Source material: Begin

(* Let $G$ and $H$ be nontrivial finite connected simple graphs and let $\ell\geq 1$ be an integer. (1) If $S$ is an $\ell$-solid-resolving set of $G\Box H$, then the projection of $S$ onto $G$ is an $\ell$-solid-resolving set of $G$, and the projection of $S$ onto $H$ is an $\ell$-solid-resolving set of $H$. (2) If $T$ is an $\ell$-solid-resolving set of $G$ and $U$ is an $\ell$-solid-resolving set of $H$, then $T\times U=\{tu: t\in T,u\in U\}$ is an $\ell$-solid-resolving set of $G\Box H$. (3) $\max\{\beta_\ell^s(G),\beta_\ell^s(H)\}\leq \beta_\ell^s(G\Box H)\leq \beta_\ell^s(G)\cdot\beta_\ell^s(H)$.
   Context: The Cartesian product $G\Box H$ has vertex set $\{av: a\in V(G), v\in V(H)\}$, with distinct $av,bu$ adjacent iff ($a=b$ and $uv\in E(H)$) or ($ab\in E(G)$ and $u=v$). The projection of $X\subseteq V(G\Box H)$ onto $G$ is $\{x_1: x_1x_2\in X\}$, and onto $H$ is $\{x_2: x_1x_2\in X\}$. For a graph, $d$ is the shortest-path distance, $d(s,X)=\min_{x\in X}d(s,x)$ for nonempty $X$, and $\mathcal{D}_S(X)=(d(s_1,X),\dots,d(s_k,X))$ for $S=\{s_1,\dots,s_k\}$. $S$ is an $\ell$-solid-resolving set if $\mathcal{D}_S(X)\neq\mathcal{D}_S(Y)$ for all distinct nonempty vertex sets $X,Y$ with $|X|\leq\ell$ ($Y$ arbitrary); $\beta_\ell^s$ is the minimum size of such a set. *)

theory Defs
  imports Main
begin

definition simple_graph :: "'a set \<Rightarrow> ('a \<Rightarrow> 'a \<Rightarrow> bool) \<Rightarrow> bool" where
  "simple_graph V E \<longleftrightarrow> finite V \<and> (\<forall>x y. E x y \<longrightarrow> x \<in> V \<and> y \<in> V)
     \<and> (\<forall>x y. E x y \<longrightarrow> E y x) \<and> (\<forall>x. \<not> E x x)"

Source material: End

### [Exercise]
Only the lines containing "longrightarrow" are needed; copy each of them from the data.

### [Final answer]
  "simple_graph V E \<longleftrightarrow> finite V \<and> (\<forall>x y. E x y \<longrightarrow> x \<in> V \<and> y \<in> V)
     \<and> (\<forall>x y. E x y \<longrightarrow> E y x) \<and> (\<forall>x. \<not> E x x)"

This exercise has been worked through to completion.